Abstract :
Bipolar disorder (BPD) is a psychiatric disease, characterized by the cycles of mania and
depression. Several genetic studies investigated BDNF gene Val66Met polymorphism as risk factor
for BPD, but results were inconclusive. Therefore, present meta-analysis was performed to
re-evaluate the BDNF Val66Met polymorphism and BPD association. Four databases (Pubmed,
Springer Link, Science Direct and Google Scholar) were searched for eligible studies up to March 31,
2020. Pooled odds ratios (OR) with 95% confidence intervals (CI) were calculated to estimate the
strength of the association. All statistical analyses were done by MetaAnalyst and Mix program. Forty
studies with a total of 28,787 subjects (10,085 cases and 18,702 controls) were included in this metaanalysis.

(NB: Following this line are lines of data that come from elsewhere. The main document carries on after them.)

theorem lemma10:
  fixes \<rho> :: "(('a1::finite \<times> 'a2::finite) \<times> 'e::finite) qop"
    and U :: "'j::finite \<Rightarrow> ('a1 \<times> 'a2) qop"
    and \<epsilon> :: real
  assumes "density_op \<rho>"
    and "\<And>j. unitary_op (U j)"
    and "(1 / real CARD('j)) * (\<Sum>j\<in>UNIV. trace_norm
           (msub (meas (U j) \<rho>)
                 (tensor (smul (1 / of_nat CARD('a1)) (idop :: 'a1 qop)) (ptrace_fst \<rho>)))) \<le> \<epsilon>"
  shows "hmin_smooth (sqrt (2 * \<epsilon>)) (cq_state (\<lambda>j. meas (U j) \<rho>))
           \<ge> ereal (log 2 (real CARD('a1)))"
proof -
  define \<omega>\<^sub>K where "\<omega>\<^sub>K = tensor (smul (1 / of_nat CARD('a1)) (idop :: 'a1 qop)) (ptrace_fst \<rho>)"
  define \<tau> where "\<tau> = tensor (ptrace_fst \<rho>) (smul (1 / of_nat CARD('j)) (idop :: 'j qop))"
  have \<omega>: "cq_state (\<lambda>j::'j. \<omega>\<^sub>K) = tensor (smul (1 / of_nat CARD('a1)) (idop :: 'a1 qop)) \<tau>"
    unfolding \<omega>\<^sub>K_def \<tau>_def by (rule cq_state_const_tensor)
  have \<tau>_dens: "density_op \<tau>"
    unfolding \<tau>_def using assms(1) by (intro density_op_tensor_uniform density_op_ptrace_fst)
  have \<omega>_dens: "density_op (cq_state (\<lambda>j::'j. \<omega>\<^sub>K))"
    unfolding \<omega> using \<tau>_dens by (rule density_op_tensor_maximally_mixed)
  have \<rho>_dens: "density_op (cq_state (\<lambda>j. meas (U j) \<rho>))"
    using assms(1,2) by (intro density_op_cq_state density_op_meas)
  have "trace_norm (msub (cq_state (\<lambda>j. meas (U j) \<rho>)) (cq_state (\<lambda>j. \<omega>\<^sub>K))) \<le> \<epsilon>"
    using assms(3) unfolding trace_norm_msub_cq_state \<omega>\<^sub>K_def .
  hence "purified_dist (cq_state (\<lambda>j. meas (U j) \<rho>)) (cq_state (\<lambda>j. \<omega>\<^sub>K)) \<le> sqrt (2 * \<epsilon>)"
    using \<rho>_dens \<omega>_dens by (intro purified_dist_le_sqrt_trace_distance)
  with \<omega>_dens have "hmin (cq_state (\<lambda>j::'j. \<omega>\<^sub>K)) \<le> hmin_smooth (sqrt (2 * \<epsilon>)) (cq_state (\<lambda>j. meas (U j) \<rho>))"
    by (intro hmin_le_hmin_smooth) (simp_all add: subnormalized_def density_op_def)
  moreover have "ereal (log 2 (real CARD('a1))) \<le> hmin (cq_state (\<lambda>j::'j. \<omega>\<^sub>K))"
    unfolding \<omega> using \<tau>_dens by (rule hmin_tensor_maximally_mixed)
  ultimately show ?thesis by order
qed

end
lemma mpow_Suc_pos_obtain:
  assumes "stochastic P" and "mpow P (Suc n) x y > 0"
  obtains z where "mpow P n x z > 0" and "P z y > 0"
proof -
  obtain z where z: "mpow P n x z * P z y > 0"
    using assms(2) sum_nonpos[of UNIV "\<lambda>z. mpow P n x z * P z y"] by (force simp: not_less)
  have "mpow P n x z \<ge> 0" "P z y \<ge> 0"
    using assms(1) mpow_nonneg by (auto simp: stochastic_def)
  with z show thesis by (intro that) (auto simp: zero_less_mult_iff)
qed

lemma harmonic_max_propagates:
  assumes "stochastic P" and "gen P f z = 0"
    and le_M: "\<And>y. f y \<le> M" and "f z = M" and "P z w > 0"
  shows "f w = M"
proof -
  have "(\<Sum>w\<in>UNIV. P z w * f w) = M"
    using assms(2,4) by (simp add: gen_eq_sum_minus_self)
  moreover have "(\<Sum>w\<in>UNIV. P z w * M) = M"
    using assms(1) by (simp add: stochastic_def sum_distrib_right[symmetric])
  ultimately have "(\<Sum>w\<in>UNIV. P z w * (M - f w)) = 0"
    by (simp add: right_diff_distrib sum_subtractf)
  moreover have "\<And>w. P z w * (M - f w) \<ge> 0"
    using assms(1) le_M by (simp add: stochastic_def)
  ultimately have "P z w * (M - f w) = 0"
    by (simp add: sum_nonneg_eq_0_iff)
  with assms(5) show ?thesis by simp
qed

lemma harmonic_imp_constant:
  fixes P :: "'a::finite \<Rightarrow> 'a \<Rightarrow> real"
  assumes st: "stochastic P" and irr: "irreducible_chain P" and harm: "\<And>z. gen P f z = 0"
  shows "f y = f z"
proof -
  define M where "M = Max (range f)"
  have le_M: "\<And>y. f y \<le> M"
    unfolding M_def by simp
  have "M \<in> range f"
    unfolding M_def by (intro Max_in) auto
  then obtain x0 where x0: "f x0 = M" by auto
  have "f y = M" if "mpow P n x0 y > 0" for n y
    using that
  proof (induction n arbitrary: y)
    case 0
    then show ?case using x0 by (simp split: if_splits)
  next
    case (Suc n)
    then obtain z where "mpow P n x0 z > 0" and "P z y > 0"
      using mpow_Suc_pos_obtain[OF st] by blast
    with Suc.IH show ?case
      using harmonic_max_propagates[OF st harm le_M] by blast
  qed
  then have "\<And>y. f y = M"
    using irr unfolding irreducible_chain_def by blast
  then show ?thesis by simp
qed

lemma Hm1_norm_gen:
  fixes P :: "'a::finite \<Rightarrow> 'a \<Rightarrow> real"
  assumes st: "stochastic P" and irr: "irreducible_chain P"
  shows "Hm1_norm P q (gen P g) = ereal (H1_norm P q g)"
proof -
  define g' where "g' = (SOME g'. gen P g' = gen P g)"
  have "gen P g' = gen P g"
    unfolding g'_def by (rule someI[where x = g]) (rule refl)
  then have "\<And>z. gen P (\<lambda>x. g' x - g x) z = 0"
    by (simp add: gen_diff)
  then have "g' y - g y = g' x - g x" for x y
    using harmonic_imp_constant[OF st irr] by blast
  then have "grad g' = grad g"
    unfolding grad_def by (intro ext) (simp add: algebra_simps)
  then show ?thesis
    unfolding Hm1_norm_def H1_norm_def g'_def[symmetric] by simp
qed

lemma H1_norm_scale: "H1_norm P q (\<lambda>y. c * f y) = \<bar>c\<bar> * H1_norm P q f"
proof -
  have sq: "d * (c * a - c * b)\<^sup>2 = c\<^sup>2 * (d * (a - b)\<^sup>2)" for a b d :: real
    by (simp add: power2_eq_square algebra_simps)
  have "(\<Sum>(x,y)\<in>edges P. cond P q x y * (grad (\<lambda>y. c * f y) x y)\<^sup>2)
      = c\<^sup>2 * (\<Sum>(x,y)\<in>edges P. cond P q x y * (grad f x y)\<^sup>2)"
    unfolding sum_distrib_left by (intro sum.cong) (auto simp: grad_def sq)
  then show ?thesis
    unfolding H1_norm_def L2C_norm_def by (simp add: real_sqrt_mult)
qed

lemma H1_norm_tendsto:
  assumes "\<And>y. ((\<lambda>h. f h y) \<longlongrightarrow> g y) F"
  shows "((\<lambda>h. H1_norm P q (f h)) \<longlongrightarrow> H1_norm P q g) F"
  unfolding H1_norm_def L2C_norm_def grad_def
  by (intro tendsto_intros tendsto_sum) (auto intro!: tendsto_intros assms)

lemma integral_average_tendsto_at_right:
  fixes g :: "real \<Rightarrow> real"
  assumes "\<delta> > 0" and "continuous_on {t..t+\<delta>} g"
  shows "((\<lambda>h. (1/h) * integral {t..t+h} g) \<longlongrightarrow> g t) (at_right 0)"
proof -
  have "((\<lambda>u. integral {t..u} g) has_vector_derivative g t) (at t within {t..t+\<delta>})"
    using assms by (intro integral_has_vector_derivative) auto
  then have "((\<lambda>u. integral {t..u} g) has_field_derivative g t) (at_right t)"
    using assms(1) by (simp add: has_real_derivative_iff_has_vector_derivative at_within_Icc_at_right)
  then have "((\<lambda>u. (integral {t..u} g - integral {t..t} g) / (u - t)) \<longlongrightarrow> g t) (at_right t)"
    by (simp add: has_field_derivative_iff)
  then have "((\<lambda>h. (integral {t..h+t} g - integral {t..t} g) / (h + t - t)) \<longlongrightarrow> g t) (at_right 0)"
    unfolding at_right_to_0[of t] filterlim_filtermap .
  then show ?thesis by (simp add: add.commute)
qed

Overall, pooled analysis indicated that there was no significant association between BDNF
Val66Met polymorphism and BPD risk under all five genetic models (ORA vs.G =0.99, 95%CI= 0.94-
1.03, p=0.49; ORAG vs. GG= 0.1.02, 95%CI= 0.95-1.07, p= 0.57; ORAA vs. GG = 0.98, 95%CI=0.89-
1.08, p=0.75; ORAA+AG vs. GG= 1.0, 95%CI= 0.94-1.06, p= 0.89;ORAA vs. AG+GG= 0.96, 95%CI= 0.89-
1.05, p= 0.47). Similarly, no significant association was observed in ethnicity based subgroup
analysis in both Asian and Caucasian population. However, significant association was found in
subtype analysis between BDNF Val66Met and BPDII (ORAA+AG vs. GG= 1.21, 95%CI= 1.06-1.37, p=
0.003) but not with BPDI. These findings suggested that the BDNF Val66Met polymorphism confer
no genetic susceptibility to BPD I but risk for BPDII.
Keyword :
BDNF, Bipolar disorder, BPD, Meta-analysis, Polymorphism,Val66Met.